Input Block Start
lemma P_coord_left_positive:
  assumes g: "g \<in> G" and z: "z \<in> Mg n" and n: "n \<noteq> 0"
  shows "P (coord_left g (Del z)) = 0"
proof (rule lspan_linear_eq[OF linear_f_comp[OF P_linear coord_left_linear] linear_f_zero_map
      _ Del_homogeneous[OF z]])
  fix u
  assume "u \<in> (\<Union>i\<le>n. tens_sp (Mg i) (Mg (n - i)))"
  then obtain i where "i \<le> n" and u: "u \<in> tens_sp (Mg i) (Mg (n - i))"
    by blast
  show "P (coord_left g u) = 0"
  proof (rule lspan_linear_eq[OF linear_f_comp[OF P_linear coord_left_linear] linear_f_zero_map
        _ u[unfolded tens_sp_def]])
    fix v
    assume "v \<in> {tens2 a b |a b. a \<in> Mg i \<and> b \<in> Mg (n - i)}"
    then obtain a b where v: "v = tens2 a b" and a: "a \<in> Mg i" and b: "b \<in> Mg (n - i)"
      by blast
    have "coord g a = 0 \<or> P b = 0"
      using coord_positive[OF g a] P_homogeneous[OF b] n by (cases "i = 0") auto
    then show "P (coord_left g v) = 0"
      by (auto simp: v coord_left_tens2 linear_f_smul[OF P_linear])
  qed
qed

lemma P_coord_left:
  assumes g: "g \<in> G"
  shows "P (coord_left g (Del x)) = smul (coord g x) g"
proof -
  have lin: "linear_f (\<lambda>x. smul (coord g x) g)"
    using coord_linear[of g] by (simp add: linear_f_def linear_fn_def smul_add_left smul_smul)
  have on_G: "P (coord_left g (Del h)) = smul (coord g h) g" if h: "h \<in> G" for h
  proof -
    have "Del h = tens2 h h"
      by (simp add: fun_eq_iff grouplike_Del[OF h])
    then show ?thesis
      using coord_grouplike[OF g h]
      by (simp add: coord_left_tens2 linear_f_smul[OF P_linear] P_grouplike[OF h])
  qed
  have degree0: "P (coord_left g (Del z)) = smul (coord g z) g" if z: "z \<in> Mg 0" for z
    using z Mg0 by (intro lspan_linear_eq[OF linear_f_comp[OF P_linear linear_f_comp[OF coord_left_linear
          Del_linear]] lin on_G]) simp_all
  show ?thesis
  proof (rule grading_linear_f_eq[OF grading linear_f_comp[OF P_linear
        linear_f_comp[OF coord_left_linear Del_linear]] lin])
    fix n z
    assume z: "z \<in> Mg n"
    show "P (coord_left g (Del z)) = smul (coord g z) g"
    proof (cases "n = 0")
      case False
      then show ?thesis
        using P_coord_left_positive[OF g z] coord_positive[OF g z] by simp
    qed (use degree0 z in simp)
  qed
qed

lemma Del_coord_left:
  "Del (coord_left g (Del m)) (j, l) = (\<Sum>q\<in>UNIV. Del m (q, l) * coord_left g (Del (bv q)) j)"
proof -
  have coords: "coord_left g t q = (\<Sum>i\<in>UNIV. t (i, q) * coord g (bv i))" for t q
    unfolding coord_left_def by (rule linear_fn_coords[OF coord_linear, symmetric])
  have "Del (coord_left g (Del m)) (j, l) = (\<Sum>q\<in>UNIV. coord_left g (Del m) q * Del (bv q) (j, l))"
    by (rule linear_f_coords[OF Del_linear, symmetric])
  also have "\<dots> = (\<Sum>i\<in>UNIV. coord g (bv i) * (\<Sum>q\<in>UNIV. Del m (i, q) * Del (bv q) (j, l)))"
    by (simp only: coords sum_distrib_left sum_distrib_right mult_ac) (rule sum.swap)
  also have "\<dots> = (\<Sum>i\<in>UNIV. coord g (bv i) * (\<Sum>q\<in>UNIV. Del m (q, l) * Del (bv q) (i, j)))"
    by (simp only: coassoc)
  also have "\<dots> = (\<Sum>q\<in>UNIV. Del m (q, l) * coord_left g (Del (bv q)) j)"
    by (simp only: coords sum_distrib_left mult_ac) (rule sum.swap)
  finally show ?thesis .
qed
Input Block End
**Work to be completed:** When you answer, retype all of the material exactly as it appears above.

**Exercise solution:**
lemma P_coord_left_positive:
  assumes g: "g \<in> G" and z: "z \<in> Mg n" and n: "n \<noteq> 0"
  shows "P (coord_left g (Del z)) = 0"
proof (rule lspan_linear_eq[OF linear_f_comp[OF P_linear coord_left_linear] linear_f_zero_map
      _ Del_homogeneous[OF z]])
  fix u
  assume "u \<in> (\<Union>i\<le>n. tens_sp (Mg i) (Mg (n - i)))"
  then obtain i where "i \<le> n" and u: "u \<in> tens_sp (Mg i) (Mg (n - i))"
    by blast
  show "P (coord_left g u) = 0"
  proof (rule lspan_linear_eq[OF linear_f_comp[OF P_linear coord_left_linear] linear_f_zero_map
        _ u[unfolded tens_sp_def]])
    fix v
    assume "v \<in> {tens2 a b |a b. a \<in> Mg i \<and> b \<in> Mg (n - i)}"
    then obtain a b where v: "v = tens2 a b" and a: "a \<in> Mg i" and b: "b \<in> Mg (n - i)"
      by blast
    have "coord g a = 0 \<or> P b = 0"
      using coord_positive[OF g a] P_homogeneous[OF b] n by (cases "i = 0") auto
    then show "P (coord_left g v) = 0"
      by (auto simp: v coord_left_tens2 linear_f_smul[OF P_linear])
  qed
qed

lemma P_coord_left:
  assumes g: "g \<in> G"
  shows "P (coord_left g (Del x)) = smul (coord g x) g"
proof -
  have lin: "linear_f (\<lambda>x. smul (coord g x) g)"
    using coord_linear[of g] by (simp add: linear_f_def linear_fn_def smul_add_left smul_smul)
  have on_G: "P (coord_left g (Del h)) = smul (coord g h) g" if h: "h \<in> G" for h
  proof -
    have "Del h = tens2 h h"
      by (simp add: fun_eq_iff grouplike_Del[OF h])
    then show ?thesis
      using coord_grouplike[OF g h]
      by (simp add: coord_left_tens2 linear_f_smul[OF P_linear] P_grouplike[OF h])
  qed
  have degree0: "P (coord_left g (Del z)) = smul (coord g z) g" if z: "z \<in> Mg 0" for z
    using z Mg0 by (intro lspan_linear_eq[OF linear_f_comp[OF P_linear linear_f_comp[OF coord_left_linear
          Del_linear]] lin on_G]) simp_all
  show ?thesis
  proof (rule grading_linear_f_eq[OF grading linear_f_comp[OF P_linear
        linear_f_comp[OF coord_left_linear Del_linear]] lin])
    fix n z
    assume z: "z \<in> Mg n"
    show "P (coord_left g (Del z)) = smul (coord g z) g"
    proof (cases "n = 0")
      case False
      then show ?thesis
        using P_coord_left_positive[OF g z] coord_positive[OF g z] by simp
    qed (use degree0 z in simp)
  qed
qed

lemma Del_coord_left:
  "Del (coord_left g (Del m)) (j, l) = (\<Sum>q\<in>UNIV. Del m (q, l) * coord_left g (Del (bv q)) j)"
proof -
  have coords: "coord_left g t q = (\<Sum>i\<in>UNIV. t (i, q) * coord g (bv i))" for t q
    unfolding coord_left_def by (rule linear_fn_coords[OF coord_linear, symmetric])
  have "Del (coord_left g (Del m)) (j, l) = (\<Sum>q\<in>UNIV. coord_left g (Del m) q * Del (bv q) (j, l))"
    by (rule linear_f_coords[OF Del_linear, symmetric])
  also have "\<dots> = (\<Sum>i\<in>UNIV. coord g (bv i) * (\<Sum>q\<in>UNIV. Del m (i, q) * Del (bv q) (j, l)))"
    by (simp only: coords sum_distrib_left sum_distrib_right mult_ac) (rule sum.swap)
  also have "\<dots> = (\<Sum>i\<in>UNIV. coord g (bv i) * (\<Sum>q\<in>UNIV. Del m (q, l) * Del (bv q) (i, j)))"
    by (simp only: coassoc)
  also have "\<dots> = (\<Sum>q\<in>UNIV. Del m (q, l) * coord_left g (Del (bv q)) j)"
    by (simp only: coords sum_distrib_left mult_ac) (rule sum.swap)
  finally show ?thesis .
qed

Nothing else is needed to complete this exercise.